=== Provided data ===

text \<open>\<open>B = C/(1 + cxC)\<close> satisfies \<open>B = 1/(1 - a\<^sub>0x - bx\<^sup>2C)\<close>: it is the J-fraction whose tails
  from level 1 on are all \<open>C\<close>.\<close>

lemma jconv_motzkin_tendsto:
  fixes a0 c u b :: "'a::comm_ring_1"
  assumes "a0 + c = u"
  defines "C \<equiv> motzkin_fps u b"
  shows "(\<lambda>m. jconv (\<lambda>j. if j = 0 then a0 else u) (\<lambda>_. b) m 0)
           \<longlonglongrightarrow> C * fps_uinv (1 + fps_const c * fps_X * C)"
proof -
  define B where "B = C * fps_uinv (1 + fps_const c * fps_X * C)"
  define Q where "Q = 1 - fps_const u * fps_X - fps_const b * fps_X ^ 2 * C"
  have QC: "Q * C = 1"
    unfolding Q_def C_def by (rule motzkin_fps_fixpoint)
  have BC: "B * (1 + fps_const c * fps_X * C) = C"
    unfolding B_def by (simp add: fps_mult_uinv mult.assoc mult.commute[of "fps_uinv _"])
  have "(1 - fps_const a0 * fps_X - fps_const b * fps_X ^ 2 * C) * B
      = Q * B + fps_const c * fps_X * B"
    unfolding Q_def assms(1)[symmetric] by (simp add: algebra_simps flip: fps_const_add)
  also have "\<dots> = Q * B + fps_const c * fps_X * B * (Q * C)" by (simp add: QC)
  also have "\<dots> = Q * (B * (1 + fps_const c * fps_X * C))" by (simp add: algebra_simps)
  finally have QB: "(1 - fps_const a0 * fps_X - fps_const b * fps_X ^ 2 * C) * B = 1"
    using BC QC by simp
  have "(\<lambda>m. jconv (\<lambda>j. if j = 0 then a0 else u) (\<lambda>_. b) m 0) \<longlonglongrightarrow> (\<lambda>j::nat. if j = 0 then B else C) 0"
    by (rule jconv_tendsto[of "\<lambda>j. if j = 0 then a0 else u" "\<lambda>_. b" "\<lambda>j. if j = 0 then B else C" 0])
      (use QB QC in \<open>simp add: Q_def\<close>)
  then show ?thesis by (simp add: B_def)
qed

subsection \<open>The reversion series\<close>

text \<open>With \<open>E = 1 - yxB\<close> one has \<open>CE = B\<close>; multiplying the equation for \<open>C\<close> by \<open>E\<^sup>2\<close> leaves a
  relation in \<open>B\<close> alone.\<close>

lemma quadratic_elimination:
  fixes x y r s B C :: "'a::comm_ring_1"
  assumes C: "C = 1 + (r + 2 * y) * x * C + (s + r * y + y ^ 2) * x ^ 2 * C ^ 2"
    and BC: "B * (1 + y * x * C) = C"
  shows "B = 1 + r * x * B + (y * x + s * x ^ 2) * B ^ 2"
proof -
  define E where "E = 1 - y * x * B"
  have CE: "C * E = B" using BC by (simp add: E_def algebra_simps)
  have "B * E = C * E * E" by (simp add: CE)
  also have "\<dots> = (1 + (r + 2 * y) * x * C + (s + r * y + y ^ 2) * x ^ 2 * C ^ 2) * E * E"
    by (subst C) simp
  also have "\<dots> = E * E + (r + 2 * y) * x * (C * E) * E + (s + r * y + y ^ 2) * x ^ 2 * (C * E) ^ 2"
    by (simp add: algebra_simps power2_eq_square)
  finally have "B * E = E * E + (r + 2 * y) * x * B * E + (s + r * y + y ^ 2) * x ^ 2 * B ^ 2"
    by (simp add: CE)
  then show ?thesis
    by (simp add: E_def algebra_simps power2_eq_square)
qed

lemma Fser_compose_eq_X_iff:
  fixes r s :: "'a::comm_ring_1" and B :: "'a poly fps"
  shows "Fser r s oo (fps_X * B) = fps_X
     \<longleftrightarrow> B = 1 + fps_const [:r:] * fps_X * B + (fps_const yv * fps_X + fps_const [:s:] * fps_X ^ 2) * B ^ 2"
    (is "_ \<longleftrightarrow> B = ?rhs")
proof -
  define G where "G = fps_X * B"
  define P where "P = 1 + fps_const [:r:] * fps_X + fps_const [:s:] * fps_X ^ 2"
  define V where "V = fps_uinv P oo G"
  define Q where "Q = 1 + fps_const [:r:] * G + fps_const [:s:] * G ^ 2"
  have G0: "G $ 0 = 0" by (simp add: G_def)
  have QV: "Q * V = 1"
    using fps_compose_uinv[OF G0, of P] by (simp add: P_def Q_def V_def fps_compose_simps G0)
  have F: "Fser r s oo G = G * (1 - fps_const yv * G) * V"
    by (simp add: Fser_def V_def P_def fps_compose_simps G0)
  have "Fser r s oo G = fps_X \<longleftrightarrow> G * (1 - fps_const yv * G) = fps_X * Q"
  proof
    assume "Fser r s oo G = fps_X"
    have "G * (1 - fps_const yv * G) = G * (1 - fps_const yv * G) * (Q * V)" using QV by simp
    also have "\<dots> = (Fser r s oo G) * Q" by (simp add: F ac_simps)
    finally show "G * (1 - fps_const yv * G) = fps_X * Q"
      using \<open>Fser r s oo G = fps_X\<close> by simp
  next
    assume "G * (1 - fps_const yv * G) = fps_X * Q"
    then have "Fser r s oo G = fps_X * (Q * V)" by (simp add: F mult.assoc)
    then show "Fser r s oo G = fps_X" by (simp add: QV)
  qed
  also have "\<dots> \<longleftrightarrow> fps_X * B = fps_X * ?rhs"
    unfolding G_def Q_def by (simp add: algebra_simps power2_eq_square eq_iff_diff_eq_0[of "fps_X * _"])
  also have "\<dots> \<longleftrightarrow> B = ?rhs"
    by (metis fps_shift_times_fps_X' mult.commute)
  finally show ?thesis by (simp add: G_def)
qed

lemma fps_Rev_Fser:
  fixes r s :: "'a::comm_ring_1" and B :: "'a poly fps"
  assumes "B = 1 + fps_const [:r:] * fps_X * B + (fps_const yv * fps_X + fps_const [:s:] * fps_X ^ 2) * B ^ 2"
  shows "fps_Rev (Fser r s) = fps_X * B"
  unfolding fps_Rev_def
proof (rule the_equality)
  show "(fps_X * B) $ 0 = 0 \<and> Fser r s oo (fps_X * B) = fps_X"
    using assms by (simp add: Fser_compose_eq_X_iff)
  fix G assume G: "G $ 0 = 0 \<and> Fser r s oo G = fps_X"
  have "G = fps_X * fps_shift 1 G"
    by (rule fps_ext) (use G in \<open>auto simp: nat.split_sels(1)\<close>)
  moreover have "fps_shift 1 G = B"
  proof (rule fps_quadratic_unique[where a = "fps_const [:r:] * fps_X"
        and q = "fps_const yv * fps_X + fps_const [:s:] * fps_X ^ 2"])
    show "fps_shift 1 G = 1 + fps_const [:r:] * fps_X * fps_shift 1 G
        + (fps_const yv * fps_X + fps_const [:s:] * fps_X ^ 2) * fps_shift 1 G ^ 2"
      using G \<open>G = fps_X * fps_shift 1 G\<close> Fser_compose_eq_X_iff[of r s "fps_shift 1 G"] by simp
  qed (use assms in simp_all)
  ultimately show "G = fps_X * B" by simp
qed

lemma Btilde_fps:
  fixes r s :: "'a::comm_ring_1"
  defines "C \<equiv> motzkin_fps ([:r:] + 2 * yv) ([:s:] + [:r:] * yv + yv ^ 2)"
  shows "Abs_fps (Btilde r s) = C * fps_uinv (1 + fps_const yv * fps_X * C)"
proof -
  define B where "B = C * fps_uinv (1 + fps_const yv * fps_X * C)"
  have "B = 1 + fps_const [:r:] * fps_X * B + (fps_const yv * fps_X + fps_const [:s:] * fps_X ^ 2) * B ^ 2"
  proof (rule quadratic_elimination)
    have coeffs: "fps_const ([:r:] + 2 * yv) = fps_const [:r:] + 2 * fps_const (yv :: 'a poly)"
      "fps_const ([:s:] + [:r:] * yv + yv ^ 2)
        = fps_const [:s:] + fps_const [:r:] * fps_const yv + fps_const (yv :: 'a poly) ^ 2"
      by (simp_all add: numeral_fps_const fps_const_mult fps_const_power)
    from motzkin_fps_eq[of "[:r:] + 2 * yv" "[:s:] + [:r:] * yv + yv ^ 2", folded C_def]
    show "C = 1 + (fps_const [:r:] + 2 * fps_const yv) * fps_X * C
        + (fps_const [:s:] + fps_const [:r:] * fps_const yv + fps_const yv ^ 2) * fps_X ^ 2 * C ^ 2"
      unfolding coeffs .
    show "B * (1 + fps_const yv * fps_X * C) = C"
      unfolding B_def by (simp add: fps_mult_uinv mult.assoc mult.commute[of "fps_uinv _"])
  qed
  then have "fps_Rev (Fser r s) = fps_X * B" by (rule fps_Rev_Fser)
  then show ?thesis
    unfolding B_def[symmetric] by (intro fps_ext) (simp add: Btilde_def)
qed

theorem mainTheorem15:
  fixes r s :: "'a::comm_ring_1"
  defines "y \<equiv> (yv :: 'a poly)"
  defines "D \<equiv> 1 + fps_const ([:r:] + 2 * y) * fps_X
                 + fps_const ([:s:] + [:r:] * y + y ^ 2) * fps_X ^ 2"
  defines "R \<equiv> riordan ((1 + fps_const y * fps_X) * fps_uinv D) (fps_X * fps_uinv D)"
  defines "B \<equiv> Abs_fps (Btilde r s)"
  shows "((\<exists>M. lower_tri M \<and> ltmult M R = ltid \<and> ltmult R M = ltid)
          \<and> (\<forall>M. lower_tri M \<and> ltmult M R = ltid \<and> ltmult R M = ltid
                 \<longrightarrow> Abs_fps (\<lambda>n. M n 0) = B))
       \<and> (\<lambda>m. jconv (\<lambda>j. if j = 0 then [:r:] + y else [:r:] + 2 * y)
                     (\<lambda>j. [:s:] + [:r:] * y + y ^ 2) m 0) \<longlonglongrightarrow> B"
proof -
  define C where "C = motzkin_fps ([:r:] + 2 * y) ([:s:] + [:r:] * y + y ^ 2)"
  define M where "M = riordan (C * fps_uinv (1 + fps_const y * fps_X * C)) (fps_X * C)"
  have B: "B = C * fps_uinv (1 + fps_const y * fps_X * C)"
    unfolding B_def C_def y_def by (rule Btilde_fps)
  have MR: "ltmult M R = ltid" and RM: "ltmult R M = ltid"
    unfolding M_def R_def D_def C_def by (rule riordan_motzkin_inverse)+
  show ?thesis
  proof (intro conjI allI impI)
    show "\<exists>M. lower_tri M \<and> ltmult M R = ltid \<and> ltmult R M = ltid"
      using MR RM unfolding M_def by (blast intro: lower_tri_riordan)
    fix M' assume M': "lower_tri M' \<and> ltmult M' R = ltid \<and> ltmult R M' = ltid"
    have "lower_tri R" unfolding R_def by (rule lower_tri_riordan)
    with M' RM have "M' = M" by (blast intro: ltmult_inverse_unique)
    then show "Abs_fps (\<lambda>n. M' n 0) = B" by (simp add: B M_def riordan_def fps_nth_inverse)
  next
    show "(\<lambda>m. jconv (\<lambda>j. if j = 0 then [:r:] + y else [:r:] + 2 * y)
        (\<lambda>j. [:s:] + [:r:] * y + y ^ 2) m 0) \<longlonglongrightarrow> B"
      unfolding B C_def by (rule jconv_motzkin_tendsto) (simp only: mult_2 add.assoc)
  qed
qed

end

===

▶ _Problem requirements_: Only the lines from the one containing "add: F mult.assoc)" through the one containing "unfolding G_def Q_def" are to be retyped, both boundary lines included, with no other material.

▶ _Response to this task_:
    then have "Fser r s oo G = fps_X * (Q * V)" by (simp add: F mult.assoc)
    then show "Fser r s oo G = fps_X" by (simp add: QV)
  qed
  also have "\<dots> \<longleftrightarrow> fps_X * B = fps_X * ?rhs"
    unfolding G_def Q_def by (simp add: algebra_simps power2_eq_square eq_iff_diff_eq_0[of "fps_X * _"])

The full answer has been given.